In the present study, when the amino acid sequences of the predicted T-cell recognition site and peptide binding region (PBR) in DLA-88 alleles were compared among dogs, one residue in the PBR was found to differ between Dog 1 and Dog 4 (p.S21R) (Supplementary Fig. 1A). This disparity may have affected the affinity for peptides presented by the MHC molecule, thus, invoking the activation of the alloreactive CD8-positive T-cells associated with acute rejection.
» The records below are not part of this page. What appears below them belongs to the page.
definition psaga_run :: "nat \<Rightarrow> (nat \<Rightarrow> 'a::euclidean_space \<Rightarrow> real) \<Rightarrow> real
    \<Rightarrow> 'a \<times> (nat \<Rightarrow> 'a) \<Rightarrow> nat list \<Rightarrow> 'a \<times> (nat \<Rightarrow> 'a)" where
  "psaga_run n f gamma s0 is = foldl (psaga_step n f gamma) s0 is"

definition psaga_Psi :: "nat \<Rightarrow> real \<Rightarrow> real \<Rightarrow> 'a::euclidean_space \<Rightarrow> 'a \<times> (nat \<Rightarrow> 'a) \<Rightarrow> real" where
  "psaga_Psi n gamma mu xs s =
     (norm (fst s - xs))\<^sup>2 + gamma * mu * (\<Sum>i<n. (norm (snd s i - xs))\<^sup>2)"

text \<open>Expectation of Psi_k when i_0,...,i_{k-1} are i.i.d. uniform on {0..<n}:
  average over all n^k index sequences.\<close>
definition psaga_EPsi :: "nat \<Rightarrow> (nat \<Rightarrow> 'a::euclidean_space \<Rightarrow> real) \<Rightarrow> real \<Rightarrow> real
    \<Rightarrow> 'a \<Rightarrow> 'a \<times> (nat \<Rightarrow> 'a) \<Rightarrow> nat \<Rightarrow> real" where
  "psaga_EPsi n f gamma mu xs s0 k =
     (\<Sum>is \<in> {is. length is = k \<and> set is \<subseteq> {..<n}}.
        psaga_Psi n gamma mu xs (psaga_run n f gamma s0 is)) / (real n ^ k)"

end

theory Submission
  imports Defs
begin

text \<open>Each Point SAGA step is a resolvent step of a strongly monotone gradient, so its output
  is closer to \<open>x\<^sub>\<star>\<close> than its input by the factor \<open>1 + \<gamma>\<mu>\<close>. The input
  \<open>x\<^sub>k - x\<^sub>\<star> + \<gamma> d\<^sub>i\<close> has a correction \<open>d\<^sub>i\<close> of mean zero over the
  random index, and the similarity bound controls its second moment by the table
  \<open>\<Sum> \<parallel>w\<^sub>k\<^sup>i - x\<^sub>\<star>\<parallel>\<^sup>2\<close>. With this stepsize the two effects balance in the
  Lyapunov function \<open>\<Psi>\<close>, which therefore contracts in expectation by
  \<open>1/(1 + \<gamma>\<mu>) = 1 - 1/(n + \<nu>\<^sup>2/\<mu>\<^sup>2)\<close> per step; the iteration count follows from
  \<open>1 - t \<le> exp (-t)\<close>.\<close>

lemma has_derivative_grad:
  fixes f :: "'a::euclidean_space \<Rightarrow> real"
  assumes "f differentiable (at x)"
  shows "(f has_derivative (\<lambda>h. grad f x \<bullet> h)) (at x)"
proof -
  obtain f' where D: "(f has_derivative f') (at x)"
    using assms differentiable_def by blast
  have lin: "linear f'" using D has_derivative_linear by blast
  define g where "g = (\<Sum>b\<in>Basis. f' b *\<^sub>R b)"
  have "f' = (\<lambda>h. g \<bullet> h)"
  proof
    fix h :: 'a
    have "f' h = f' (\<Sum>b\<in>Basis. (h \<bullet> b) *\<^sub>R b)" by (simp add: euclidean_representation)
    also have "\<dots> = (\<Sum>b\<in>Basis. (h \<bullet> b) * f' b)" using lin by (simp add: linear_sum linear_scale)
    also have "\<dots> = g \<bullet> h" by (simp add: g_def inner_sum_right inner_commute mult.commute)
    finally show "f' h = g \<bullet> h" .
  qed
  with D have "\<exists>g. (f has_derivative (\<lambda>h. g \<bullet> h)) (at x)" by blast
  then show ?thesis unfolding grad_def by (rule someI_ex)
qed
(* Let $G$ be a simple graph of order $n$ and $m\ge 1$. Let $\alpha'(G)$ be the size of a maximum matching $M$ of $G$ and $l=n-2\alpha'(G)$ the number of $M$-unsaturated vertices of $G$. Then $s(G\circ P_m)=n\,s(P_m)+\alpha'(G)+l$ if $m\equiv 1\pmod 3$, and $s(G\circ P_m)=n\,s(P_m)$ otherwise.
   Context: A matching in a graph is a set of edges no two of which share a vertex; it is maximal if it is not properly contained in another matching, and maximum if it has the largest possible size. A vertex is $M$-unsaturated if no edge of $M$ is incident to it. The saturation number $s(G)$ is the minimum cardinality of a maximal matching of $G$. $P_m$ is the path on $m$ vertices; $s(P_m)=\lceil m/3\rceil$ if $m\equiv 2\pmod 3$ and $\lfloor m/3\rfloor$ otherwise. The corona $G_1\circ G_2$ is obtained by taking one copy of $G_1$ and $|V(G_1)|$ disjoint copies of $G_2$, and joining the $i$-th vertex of $G_1$ by an edge to every vertex of the $i$-th copy of $G_2$. *)

theory Defs
  imports Main
begin

definition simple_graph :: "'a set \<Rightarrow> 'a set set \<Rightarrow> bool" where
  "simple_graph V E \<longleftrightarrow> finite V \<and>
     (\<forall>e\<in>E. \<exists>u v. u \<noteq> v \<and> u \<in> V \<and> v \<in> V \<and> e = {u, v})"

definition matching :: "'a set set \<Rightarrow> 'a set set \<Rightarrow> bool" where
  "matching E M \<longleftrightarrow> M \<subseteq> E \<and> (\<forall>e1\<in>M. \<forall>e2\<in>M. e1 \<noteq> e2 \<longrightarrow> e1 \<inter> e2 = {})"

definition maximal_matching :: "'a set set \<Rightarrow> 'a set set \<Rightarrow> bool" where
  "maximal_matching E M \<longleftrightarrow> matching E M \<and> (\<forall>M'. matching E M' \<and> M \<subseteq> M' \<longrightarrow> M' = M)"

definition saturation_number :: "'a set set \<Rightarrow> nat" where
  "saturation_number E = Min (card ` {M. maximal_matching E M})"

definition matching_number :: "'a set set \<Rightarrow> nat" where
  "matching_number E = Max (card ` {M. matching E M})"

definition path_verts :: "nat \<Rightarrow> nat set" where
  "path_verts m = {0..<m}"

definition path_edges :: "nat \<Rightarrow> nat set set" where
  "path_edges m = {{i, Suc i} | i. Suc i < m}"

text \<open>Corona G1 o G2: vertex v of G1 is Inl v, vertex w of the v-th copy of G2 is Inr (v, w).\<close>
definition corona_verts :: "'a set \<Rightarrow> 'b set \<Rightarrow> ('a + 'a \<times> 'b) set" where
  "corona_verts V1 V2 = Inl ` V1 \<union> Inr ` (V1 \<times> V2)"

definition corona_edges ::
  "'a set \<Rightarrow> 'a set set \<Rightarrow> 'b set \<Rightarrow> 'b set set \<Rightarrow> ('a + 'a \<times> 'b) set set" where
  "corona_edges V1 E1 V2 E2 =
     (image Inl) ` E1
   \<union> {(\<lambda>w. Inr (v, w)) ` e | v e. v \<in> V1 \<and> e \<in> E2}
   \<union> {{Inl v, Inr (v, w)} | v w. v \<in> V1 \<and> w \<in> V2}"

end

theory Submission
  imports Defs
begin

text \<open>
  A maximal matching of \<open>G \<circ> P\<^sub>m\<close> consists of a matching \<open>N\<close> of \<open>G\<close> and, at every vertex \<open>v\<close>
  of \<open>G\<close> (the hub of the \<open>v\<close>-th copy of \<open>P\<^sub>m\<close>), a matching of that copy plus at most one spoke
  at \<open>v\<close>, which together must dominate the edges of the copy. As \<open>k\<close> edges and \<open>s\<close> further
  vertices dominate \<open>P\<^sub>m\<close> only if \<open>m \<le> 3k + 2s + 1\<close>, every hub costs at least
  \<open>s(P\<^sub>m) = \<lfloor>(m + 1)/3\<rfloor>\<close> edges, and a hub not saturated by \<open>N\<close> costs \<open>\<lceil>m/3\<rceil>\<close> edges: either
  it has a spoke, or its copy is perfectly matched. The two costs differ exactly when
  \<open>m \<equiv> 1 (mod 3)\<close>, so the total \<open>|N| + n s(P\<^sub>m) + [m \<equiv> 1] (n - 2|N|)\<close> is minimised by a maximum
  matching \<open>N\<close> in that case and by \<open>N = {}\<close> otherwise. Both costs are attained, by a minimum
  maximal matching of \<open>P\<^sub>m\<close> and by every third edge of \<open>P\<^sub>m\<close> together with a suitable spoke.
\<close>

section \<open>Matchings\<close>

lemma matching_subset: "matching E M \<Longrightarrow> M \<subseteq> E"
  by (simp add: matching_def)

lemma matching_unique_edge:
  "matching E M \<Longrightarrow> f1 \<in> M \<Longrightarrow> f2 \<in> M \<Longrightarrow> x \<in> f1 \<Longrightarrow> x \<in> f2 \<Longrightarrow> f1 = f2"
  unfolding matching_def by blast

lemma matching_iff_unique_edge:
  "matching E M \<longleftrightarrow> M \<subseteq> E \<and> (\<forall>f1\<in>M. \<forall>f2\<in>M. \<forall>x\<in>f1. x \<in> f2 \<longrightarrow> f1 = f2)"
  unfolding matching_def by blast

lemma matching_empty [simp]: "matching E {}"
  by (simp add: matching_def)

lemma finite_matching: "finite E \<Longrightarrow> matching E M \<Longrightarrow> finite M"
  by (meson finite_subset matching_subset)

lemma finite_matchings: "finite E \<Longrightarrow> finite {M. matching E M}"
  by (rule finite_subset[of _ "Pow E"]) (auto simp: matching_def)

lemma maximal_matching_iff_dominating:
  assumes "{} \<notin> E"
  shows "maximal_matching E M \<longleftrightarrow> matching E M \<and> (\<forall>e\<in>E. e \<inter> \<Union>M \<noteq> {})"
proof (intro iffI conjI ballI)
  assume max: "maximal_matching E M"
  then show "matching E M" by (simp add: maximal_matching_def)
  fix e assume e: "e \<in> E"
  show "e \<inter> \<Union>M \<noteq> {}"
  proof
    assume disj: "e \<inter> \<Union>M = {}"
    moreover have "e \<noteq> {}" using e assms by auto
    ultimately have "e \<notin> M" by auto
    moreover have "matching E (insert e M)"
      using max e disj unfolding maximal_matching_def matching_def by blast
    ultimately show False using max unfolding maximal_matching_def by blast
  qed
next
  assume "matching E M \<and> (\<forall>e\<in>E. e \<inter> \<Union>M \<noteq> {})"
  then have mat: "matching E M" and dom: "\<forall>e\<in>E. e \<inter> \<Union>M \<noteq> {}" by blast+
  show "maximal_matching E M"
    unfolding maximal_matching_def
  proof (intro conjI mat allI impI)
    fix M' assume M': "matching E M' \<and> M \<subseteq> M'"
    show "M' = M"
    proof (rule ccontr)
      assume "M' \<noteq> M"
      then obtain e where e: "e \<in> M'" "e \<notin> M" using M' by blast
      have "e \<in> E" using e M' by (auto dest: matching_subset)
      then obtain f x where "f \<in> M" "x \<in> e" "x \<in> f" using dom by blast
      then show False using e M' matching_unique_edge[of E M' e f x] by auto
    qed
  qed
qed

lemma card_Union_matching:
  assumes "matching E M" "\<forall>e\<in>E. card e = 2"
  shows "card (\<Union>M) = 2 * card M"
proof -
  have "\<forall>e\<in>M. finite e"
    using assms by (metis card.infinite matching_subset subsetD zero_neq_numeral)
  moreover have "pairwise disjnt M"
    using assms(1) by (auto simp: matching_def pairwise_def disjnt_def)
  ultimately have "card (\<Union>M) = (\<Sum>e\<in>M. card e)"
    by (intro card_Union_disjoint) auto
  also have "\<dots> = (\<Sum>e\<in>M. 2)" using assms by (intro sum.cong) (auto dest: matching_subset)
  also have "\<dots> = 2 * card M" by simp
  finally show ?thesis .
qed

lemma matching_le_matching_number:
  "finite E \<Longrightarrow> matching E M \<Longrightarrow> card M \<le> matching_number E"
  unfolding matching_number_def by (rule Max_ge) (auto simp: finite_matchings)

lemma obtain_maximum_matching:
  assumes "finite E"
  obtains N where "matching E N" "card N = matching_number E"
proof -
  have "matching_number E \<in> card ` {M. matching E M}"
    unfolding matching_number_def
    using finite_matchings[OF assms] by (intro Max_in) (auto intro: matching_empty)
  then show ?thesis using that by auto
qed

lemma maximum_matching_is_maximal:
  assumes "finite E" "matching E N" "card N = matching_number E"
  shows "maximal_matching E N"
  unfolding maximal_matching_def
proof (intro conjI assms(2) allI impI)
  fix M' assume M': "matching E M' \<and> N \<subseteq> M'"
  then have "finite M'" "card M' \<le> card N"
    using assms finite_matching[of E M'] matching_le_matching_number[of E M'] by auto
  then show "M' = N" using M' by (metis card_seteq)
qed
However, as there is only limited information available regarding the structure of DLA molecules and characteristics of the presented peptide, further analysis is required to confirm the exact residues in DLA molecules that influence differential peptide presentation capability.
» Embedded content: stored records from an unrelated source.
(* (k,t)-guardable: k+t cops are placed, then the robber chooses any vertex (no attack),
   then play proceeds with the cops moving first. *)
definition guardable :: "('v \<Rightarrow> 'v \<Rightarrow> bool) \<Rightarrow> 'v set \<Rightarrow> nat \<Rightarrow> nat \<Rightarrow> bool" where
  "guardable E H k t \<longleftrightarrow> (\<exists>C0. size C0 = k + t \<and> (\<forall>r0. reach E H k C0 r0))"

end

theory Submission
  imports Defs
begin

(* Write P = p_0 ... p_n and d r = gdist E p_0 r. The shadow of the robber at r is p_j, where
   j = d r if d r <= n, and otherwise j is whichever of n - 1 and n has the parity of d r.
   Since d changes by at most one along an edge, the shadow moves along edges of P; since P is
   a geodesic, the shadow of a vertex of P is the vertex itself; and since the graph is
   bipartite and the shadow has the parity of d r, a robber off P is never adjacent to its
   shadow. A cop standing on the shadow therefore captures the robber as soon as it steps onto
   P, and otherwise follows the shadow without ever being adjacent to the robber, so it is
   never attacked. To get there, two cops walk together from p_0 along P: the shadow's index
   drops by at most one per round, so they catch up, and the second cop answers an attack on
   the way. For n = 0 a single cop on p_0 guards P once the robber is not adjacent to it. *)

lemma reflexive_graphD: "reflexive_graph E \<Longrightarrow> E v v"
  unfolding reflexive_graph_def by blast

lemma reflexive_graph_sym: "reflexive_graph E \<Longrightarrow> E u v \<Longrightarrow> E v u"
  unfolding reflexive_graph_def by blast

lemma connected_graphD: "connected_graph E \<Longrightarrow> E\<^sup>*\<^sup>* u v"
  unfolding connected_graph_def by blast

lemma walk_snoc: "walk E xs \<Longrightarrow> E (last xs) v \<Longrightarrow> walk E (xs @ [v])"
  unfolding walk_def
proof (intro conjI allI impI)
  fix i
  assume xs: "xs \<noteq> [] \<and> (\<forall>i. Suc i < length xs \<longrightarrow> E (xs ! i) (xs ! Suc i))"
    and last: "E (last xs) v" and i: "Suc i < length (xs @ [v])"
  show "E ((xs @ [v]) ! i) ((xs @ [v]) ! Suc i)"
  proof (cases "Suc i < length xs")
    case True
    then show ?thesis using xs by (simp add: nth_append)
  next
    case False
    then have "i = length xs - 1" using i by simp
    then show ?thesis using xs last False by (simp add: nth_append last_conv_nth)
  qed
qed simp

lemma walk_take: "walk E xs \<Longrightarrow> j < length xs \<Longrightarrow> walk E (take (Suc j) xs)"
  unfolding walk_def by auto

lemma rtranclp_imp_walk: "E\<^sup>*\<^sup>* u v \<Longrightarrow> \<exists>xs. walk E xs \<and> hd xs = u \<and> last xs = v"
proof (induction rule: rtranclp_induct)
  case base
  show ?case by (rule exI[of _ "[u]"]) (simp add: walk_def)
next
  case (step y z)
  then obtain xs where xs: "walk E xs" "hd xs = u" "last xs = y" by blast
  then have "xs \<noteq> []"
    unfolding walk_def by blast
  moreover have "walk E (xs @ [z])"
    using walk_snoc[OF xs(1)] xs(3) step.hyps(2) by simp
  ultimately show ?case
    using xs(2) by (intro exI[of _ "xs @ [z]"]) simp
qed

lemma gdist_less_length: "walk E xs \<Longrightarrow> gdist E (hd xs) (last xs) < length xs"
  unfolding gdist_def walk_def
  by (rule order.strict_trans1[OF Least_le[of _ "length xs - 1"]]) auto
In recent polymorphism studies involving dogs, DLAs have shown the same allelic polymorphism as in human MHC [11, 14]. The genetic diversity of the DLA gene is lower than that of human MHCs, of which inbreeding is considered a cause [18]. Our previous study revealed that dogs have a remarkably high MHC homozygosity rate and several DLA homozygous haplotypes were detected across many breeds [14, 15]. The small number of polymorphisms, low diversity, and high DLA homozygosity rates are thought to be advantages for allotransplantation in dogs due to facilitation of the matched DLA types between the donor and recipient, resulting in easier allograft acceptance.
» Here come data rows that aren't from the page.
(* Let $\mathcal A$ be a maximal commutative subalgebra of $\mathcal M_d(\mathbb C)$. Suppose $\mathcal B$ is a commutative algebra of block Toeplitz matrices with entries in $\mathcal A$ (i.e. $\mathcal B\subset\mathcal T_{n,d}[\mathcal A]$), and $D$ is a block Toeplitz cyclic diagonal with entries in $\mathcal A$ such that $D\intercal\mathcal B$. Then the algebra $\mathcal B_1$ generated by $\mathcal B$ and $D$ consists of block Toeplitz matrices.
   Context: A block Toeplitz matrix is an $n\times n$ block matrix $A=(A_{i-j})_{i,j=0}^{n-1}$ with $A_m\in\mathcal M_d(\mathbb C)$; $\mathcal T_{n,d}[\mathcal A]$ is the set of block Toeplitz matrices all of whose entries $A_m$ lie in $\mathcal A$. A cyclic diagonal of order $k$ ($0\le k\le n-1$) is an $n\times n$ block matrix $T$ with $T_{i,j}=0$ unless $i-j=k$ or $i-j=k-n$. For block Toeplitz $A,B$, write $A\intercal B$ if $AB$ is block Toeplitz, and $A\intercal\mathcal S$ if $A\intercal B$ for all $B\in\mathcal S$. *)

theory Defs
  imports Complex_Main "Jordan_Normal_Form.Matrix"
begin

text \<open>A block matrix with n x n blocks of size d x d is represented as an (n*d) x (n*d)
  complex matrix. Block (i,j) is the d x d submatrix in block-row i, block-column j.\<close>

definition blk :: "nat \<Rightarrow> complex mat \<Rightarrow> nat \<Rightarrow> nat \<Rightarrow> complex mat" where
  "blk d M i j = mat d d (\<lambda>(a, b). M $$ (i * d + a, j * d + b))"

definition is_subalg :: "nat \<Rightarrow> complex mat set \<Rightarrow> bool" where
  "is_subalg d S \<longleftrightarrow> S \<subseteq> carrier_mat d d \<and> 0\<^sub>m d d \<in> S \<and>
     (\<forall>X\<in>S. \<forall>Y\<in>S. X + Y \<in> S \<and> X * Y \<in> S) \<and> (\<forall>c. \<forall>X\<in>S. c \<cdot>\<^sub>m X \<in> S)"

definition is_commutative :: "complex mat set \<Rightarrow> bool" where
  "is_commutative S \<longleftrightarrow> (\<forall>X\<in>S. \<forall>Y\<in>S. X * Y = Y * X)"

definition max_comm_subalg :: "nat \<Rightarrow> complex mat set \<Rightarrow> bool" where
  "max_comm_subalg d S \<longleftrightarrow> is_subalg d S \<and> is_commutative S \<and>
     (\<forall>T. is_subalg d T \<and> is_commutative T \<and> S \<subseteq> T \<longrightarrow> T = S)"

definition block_toeplitz :: "nat \<Rightarrow> nat \<Rightarrow> complex mat \<Rightarrow> bool" where
  "block_toeplitz n d M \<longleftrightarrow> M \<in> carrier_mat (n * d) (n * d) \<and>
     (\<forall>i j k l. i < n \<longrightarrow> j < n \<longrightarrow> k < n \<longrightarrow> l < n \<longrightarrow>
        int i - int j = int k - int l \<longrightarrow> blk d M i j = blk d M k l)"

definition toeplitz_in :: "nat \<Rightarrow> nat \<Rightarrow> complex mat set \<Rightarrow> complex mat set" where
  "toeplitz_in n d A = {M. block_toeplitz n d M \<and> (\<forall>i<n. \<forall>j<n. blk d M i j \<in> A)}"

definition cyclic_diag :: "nat \<Rightarrow> nat \<Rightarrow> nat \<Rightarrow> complex mat \<Rightarrow> bool" where
  "cyclic_diag n d k T \<longleftrightarrow> k < n \<and> T \<in> carrier_mat (n * d) (n * d) \<and>
     (\<forall>i<n. \<forall>j<n. int i - int j \<noteq> int k \<and> int i - int j \<noteq> int k - int n
        \<longrightarrow> blk d T i j = 0\<^sub>m d d)"

definition toep_rel :: "nat \<Rightarrow> nat \<Rightarrow> complex mat \<Rightarrow> complex mat \<Rightarrow> bool" where
  "toep_rel n d X Y \<longleftrightarrow> block_toeplitz n d (X * Y)"

definition gen_alg :: "nat \<Rightarrow> complex mat set \<Rightarrow> complex mat set" where
  "gen_alg m G = \<Inter>{S. is_subalg m S \<and> G \<subseteq> S}"

end

theory Submission
  imports Defs
begin

text \<open>Let \<open>\<alpha>\<close> and \<open>\<beta>\<close> be the blocks of \<open>D\<close> on its diagonals \<open>i - j = k\<close> and \<open>i - j = k - n\<close>,
  and \<open>Y\<^sub>m\<close> the block of a block Toeplitz matrix \<open>Y\<close> on the diagonal \<open>i - j = m\<close>. Computing
  \<open>D Y\<close> blockwise shows that for \<open>Y \<in> toeplitz_in n d A\<close> the product \<open>D Y\<close> is block Toeplitz iff
  \<open>\<alpha> Y\<^sub>r = \<beta> Y\<^sub>r\<^sub>+\<^sub>n\<close> for \<open>-n < r < 0\<close>; given this, commutativity of \<open>A\<close> makes the same
  computation yield \<open>Y D = D Y\<close>. The condition is linear in \<open>Y\<close>, holds for \<open>D\<close>, and passes from
  \<open>Y\<close> to \<open>D Y\<close>. So the smallest subspace containing \<open>B\<close> and \<open>D\<close> and stable under left
  multiplication by \<open>D\<close> consists of block Toeplitz matrices; as \<open>D\<close> commutes with \<open>B\<close>, this
  subspace is closed under products and hence contains the algebra generated by \<open>B\<close> and \<open>D\<close>.\<close>

lemma blk_carrier [simp]: "blk d M i j \<in> carrier_mat d d"
  by (simp add: blk_def)

lemma dim_blk [simp]: "dim_row (blk d M i j) = d" "dim_col (blk d M i j) = d"
  by (simp_all add: blk_def)

lemma index_blk [simp]: "a < d \<Longrightarrow> b < d \<Longrightarrow> blk d M i j $$ (a, b) = M $$ (i * d + a, j * d + b)"
  by (simp add: blk_def)

lemma block_index_less: "i < n \<Longrightarrow> a < d \<Longrightarrow> i * d + a < n * (d::nat)"
  by (metis add.commute add_less_mono1 le_add2 mult_Suc mult_le_mono1 Suc_leI less_le_trans)

lemma mat_eq_by_blocksI:
  assumes "M \<in> carrier_mat (n * d) (n * d)" "N \<in> carrier_mat (n * d) (n * d)"
    and "\<And>i j. i < n \<Longrightarrow> j < n \<Longrightarrow> blk d M i j = blk d N i j"
  shows "M = N"
proof (rule eq_matI)
  fix a b assume "a < dim_row N" "b < dim_col N"
  then have ab: "a < n * d" "b < n * d" and "0 < d"
    using assms(2) by (auto intro: gr0I)
  then have "a div d < n" "b div d < n" "a mod d < d" "b mod d < d"
    by (simp_all add: less_mult_imp_div_less)
  then have "blk d M (a div d) (b div d) $$ (a mod d, b mod d) =
      blk d N (a div d) (b div d) $$ (a mod d, b mod d)"
    using assms(3) by simp
  then show "M $$ (a, b) = N $$ (a, b)"
    using \<open>a mod d < d\<close> \<open>b mod d < d\<close> by (simp add: mult.commute)
qed (use assms in auto)

lemma blk_add [simp]:
  "M \<in> carrier_mat (n * d) (n * d) \<Longrightarrow> N \<in> carrier_mat (n * d) (n * d) \<Longrightarrow> i < n \<Longrightarrow> j < n \<Longrightarrow>
   blk d (M + N) i j = blk d M i j + blk d N i j"
  by (rule eq_matI) (auto simp: block_index_less)

lemma blk_smult [simp]:
  "M \<in> carrier_mat (n * d) (n * d) \<Longrightarrow> i < n \<Longrightarrow> j < n \<Longrightarrow> blk d (c \<cdot>\<^sub>m M) i j = c \<cdot>\<^sub>m blk d M i j"
  by (rule eq_matI) (auto simp: block_index_less)

lemma index_mult_mat_blocks:
  assumes "M \<in> carrier_mat (n * d) (n * d)" "N \<in> carrier_mat (n * d) (n * d)"
    and "i < n" "j < n" "a < d" "b < d"
  shows "(M * N) $$ (i * d + a, j * d + b) = (\<Sum>l<n. (blk d M i l * blk d N l j) $$ (a, b))"
proof -
  define f where "f c = M $$ (i * d + a, c) * N $$ (c, j * d + b)" for c
  have "(M * N) $$ (i * d + a, j * d + b) = (\<Sum>c<n * d. f c)"
    using assms by (simp add: block_index_less scalar_prod_def f_def atLeast0LessThan)
  also have "\<dots> = (\<Sum>l<n. \<Sum>c\<in>{l * d..<l * d + d}. f c)"
    by (rule sum.nat_group [symmetric])
  also have "\<dots> = (\<Sum>l<n. \<Sum>e<d. f (l * d + e))"
    by (simp add: sum.atLeastLessThan_shift_0 atLeast0LessThan add.commute)
  also have "\<dots> = (\<Sum>l<n. (blk d M i l * blk d N l j) $$ (a, b))"
    using assms by (simp add: scalar_prod_def f_def atLeast0LessThan)
  finally show ?thesis .
qed

lemma blk_mult_single_block:
  assumes "M \<in> carrier_mat (n * d) (n * d)" "N \<in> carrier_mat (n * d) (n * d)"
    and "i < n" "j < n" "l0 < n"
    and zero: "\<And>l. l < n \<Longrightarrow> l \<noteq> l0 \<Longrightarrow> blk d M i l = 0\<^sub>m d d \<or> blk d N l j = 0\<^sub>m d d"
  shows "blk d (M * N) i j = blk d M i l0 * blk d N l0 j"
proof (rule eq_matI)
  fix a b assume "a < dim_row (blk d M i l0 * blk d N l0 j)" "b < dim_col (blk d M i l0 * blk d N l0 j)"
  then have ab: "a < d" "b < d" by simp_all
  have "(blk d M i l * blk d N l j) $$ (a, b) = 0" if "l \<in> {..<n} - {l0}" for l
    using zero[of l] that ab by auto
  then have "(\<Sum>l<n. (blk d M i l * blk d N l j) $$ (a, b)) = (blk d M i l0 * blk d N l0 j) $$ (a, b)"
    using \<open>l0 < n\<close> by (subst sum.remove[of _ l0]) (auto intro: sum.neutral)
  moreover have "blk d (M * N) i j $$ (a, b) = (\<Sum>l<n. (blk d M i l * blk d N l j) $$ (a, b))"
    using index_mult_mat_blocks[OF assms(1-4) ab] ab by simp
  ultimately show "blk d (M * N) i j $$ (a, b) = (blk d M i l0 * blk d N l0 j) $$ (a, b)"
    by simp
qed simp_all

definition toeplitz_symbol :: "nat \<Rightarrow> complex mat \<Rightarrow> int \<Rightarrow> complex mat" where
  "toeplitz_symbol d Y m = (if 0 \<le> m then blk d Y (nat m) 0 else blk d Y 0 (nat (- m)))"

lemma block_toeplitzD:
  "block_toeplitz n d Y \<Longrightarrow> i < n \<Longrightarrow> j < n \<Longrightarrow> i' < n \<Longrightarrow> j' < n \<Longrightarrow>
   int i - int j = int i' - int j' \<Longrightarrow> blk d Y i j = blk d Y i' j'"
  unfolding block_toeplitz_def by blast

lemma block_toeplitz_carrier: "block_toeplitz n d Y \<Longrightarrow> Y \<in> carrier_mat (n * d) (n * d)"
  by (simp add: block_toeplitz_def)

lemma blk_eq_toeplitz_symbol:
  assumes "block_toeplitz n d Y" "i < n" "j < n"
  shows "blk d Y i j = toeplitz_symbol d Y (int i - int j)"
proof (cases "j \<le> i")
  case True
  then have "blk d Y i j = blk d Y (i - j) 0"
    using assms by (intro block_toeplitzD) auto
  with True show ?thesis by (simp add: toeplitz_symbol_def nat_diff_distrib)
next
  case False
  then have "blk d Y i j = blk d Y 0 (j - i)"
    using assms by (intro block_toeplitzD) auto
  with False show ?thesis by (simp add: toeplitz_symbol_def nat_diff_distrib)
qed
In conclusion, we confirmed the utility of sequence-based DLA typing in dogs using in vivo (skin transplant) and in vitro (flow cytometric MLR) methods, which has not previously been assessed in dogs. DLA matching with sequence-based typing between the donor and recipient in a canine skin transplantation model revealed prolonged allograft survival compared to the mismatched pairs. Additionally, the results of the in vitro MLR assay represented the results of in vivo skin transplantation well in our study. These results suggest that DLA sequencing may be useful in transplantation medicine and cell-based therapy in veterinary medicine.